The answer must consist of the records below, repeated exactly.

========================================

lemma matrix_inv_left:
  fixes A :: "'a::field^'n^'n"
  assumes "invertible A"
  shows "matrix_inv A ** A = mat 1"
  using someI_ex[of "\<lambda>A'. A ** A' = mat 1 \<and> A' ** A = mat 1"] assms
  unfolding invertible_def matrix_inv_def by blast

lemma matrix_inv_eigen:
  assumes "invertible h" "e \<noteq> 0" "h ** A = sc2 e A"
  shows "matrix_inv h ** A = sc2 (1 / e) A"
proof -
  have "sc2 e (matrix_inv h ** A) = sc2 1 A"
    by (metis assms(1,3) matrix_inv_left matrix_mul_assoc matrix_mul_lid sc2_1 sc2_mult_right)
  then show ?thesis
    using assms(2) sc2_cancel by blast
qed

lemma mat_invertible_nonzero:
  assumes "invertible (mat l :: 'a::field^'n^'n)"
  shows "l \<noteq> 0"
proof
  assume "l = 0"
  with assms obtain A' :: "'a^'n^'n" where "mat 0 ** A' = mat 1"
    by (auto simp: invertible_def)
  then have "(mat 1 :: 'a^'n^'n) = 0"
    by (simp add: vec_eq_iff matrix_matrix_mult_def mat_def)
  then have "(mat 1 :: 'a^'n^'n) $ i $ i = 0" for i
    by simp
  then show False
    by (simp add: mat_def)
qed

definition lmult :: "matT \<Rightarrow> phiT \<Rightarrow> phiT" where
  "lmult A X = (\<chi> r. A ** X $ r)"

definition transposes :: "phiT \<Rightarrow> phiT" where
  "transposes X = (\<chi> r. transpose (X $ r))"

lemma actW_eq: "actW h (phi, psi, psi') = (lmult h phi, psi ** matrix_inv h, h ** psi')"
  by (simp add: actW_def lmult_def)

lemma lmult_actR: "lmult A (actR g X) = actR g (lmult A X)"
  by (simp add: vec_eq_iff lmult_def actR_def matrix_matrix_mult_def sum_distrib_left mult_ac)
     (intro allI, rule sum.swap)

lemma transposes_actR: "transposes (actR g X) = actR g (transposes X)"
  by (simp add: vec_eq_iff transposes_def actR_def transpose_def)

lemma actR_mat: "actR (mat l) X = sc3 l X"
  by (simp add: vec_eq_iff actR_def sc3_def mat_def if_distrib if_distribR cong: if_cong)

definition sym_coord_matrix :: "4 \<Rightarrow> 4 \<Rightarrow> phiT \<Rightarrow> complex^3^3" where
  "sym_coord_matrix a b X =
     (\<chi> k s. if k = 1 then X $ s $ a $ a else if k = 2 then X $ s $ a $ b else X $ s $ b $ b)"

lemma sym_coord_matrix_actR: "sym_coord_matrix a b (actR g X) = sym_coord_matrix a b X ** g"
proof -
  have "sym_coord_matrix a b (actR g X) $ k $ r = (sym_coord_matrix a b X ** g) $ k $ r" for k r
    by (cases "k = 1"; cases "k = 2")
       (simp_all add: sym_coord_matrix_def actR_def matrix_matrix_mult_def mult.commute)
  then show ?thesis
    by (simp add: vec_eq_iff)
qed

========================================

# RESPONSE TO THIS TASK
lemma matrix_inv_left:
  fixes A :: "'a::field^'n^'n"
  assumes "invertible A"
  shows "matrix_inv A ** A = mat 1"
  using someI_ex[of "\<lambda>A'. A ** A' = mat 1 \<and> A' ** A = mat 1"] assms
  unfolding invertible_def matrix_inv_def by blast

lemma matrix_inv_eigen:
  assumes "invertible h" "e \<noteq> 0" "h ** A = sc2 e A"
  shows "matrix_inv h ** A = sc2 (1 / e) A"
proof -
  have "sc2 e (matrix_inv h ** A) = sc2 1 A"
    by (metis assms(1,3) matrix_inv_left matrix_mul_assoc matrix_mul_lid sc2_1 sc2_mult_right)
  then show ?thesis
    using assms(2) sc2_cancel by blast
qed

lemma mat_invertible_nonzero:
  assumes "invertible (mat l :: 'a::field^'n^'n)"
  shows "l \<noteq> 0"
proof
  assume "l = 0"
  with assms obtain A' :: "'a^'n^'n" where "mat 0 ** A' = mat 1"
    by (auto simp: invertible_def)
  then have "(mat 1 :: 'a^'n^'n) = 0"
    by (simp add: vec_eq_iff matrix_matrix_mult_def mat_def)
  then have "(mat 1 :: 'a^'n^'n) $ i $ i = 0" for i
    by simp
  then show False
    by (simp add: mat_def)
qed

definition lmult :: "matT \<Rightarrow> phiT \<Rightarrow> phiT" where
  "lmult A X = (\<chi> r. A ** X $ r)"

definition transposes :: "phiT \<Rightarrow> phiT" where
  "transposes X = (\<chi> r. transpose (X $ r))"

lemma actW_eq: "actW h (phi, psi, psi') = (lmult h phi, psi ** matrix_inv h, h ** psi')"
  by (simp add: actW_def lmult_def)

lemma lmult_actR: "lmult A (actR g X) = actR g (lmult A X)"
  by (simp add: vec_eq_iff lmult_def actR_def matrix_matrix_mult_def sum_distrib_left mult_ac)
     (intro allI, rule sum.swap)

lemma transposes_actR: "transposes (actR g X) = actR g (transposes X)"
  by (simp add: vec_eq_iff transposes_def actR_def transpose_def)

lemma actR_mat: "actR (mat l) X = sc3 l X"
  by (simp add: vec_eq_iff actR_def sc3_def mat_def if_distrib if_distribR cong: if_cong)

definition sym_coord_matrix :: "4 \<Rightarrow> 4 \<Rightarrow> phiT \<Rightarrow> complex^3^3" where
  "sym_coord_matrix a b X =
     (\<chi> k s. if k = 1 then X $ s $ a $ a else if k = 2 then X $ s $ a $ b else X $ s $ b $ b)"

lemma sym_coord_matrix_actR: "sym_coord_matrix a b (actR g X) = sym_coord_matrix a b X ** g"
proof -
  have "sym_coord_matrix a b (actR g X) $ k $ r = (sym_coord_matrix a b X ** g) $ k $ r" for k r
    by (cases "k = 1"; cases "k = 2")
       (simp_all add: sym_coord_matrix_def actR_def matrix_matrix_mult_def mult.commute)
  then show ?thesis
    by (simp add: vec_eq_iff)
qed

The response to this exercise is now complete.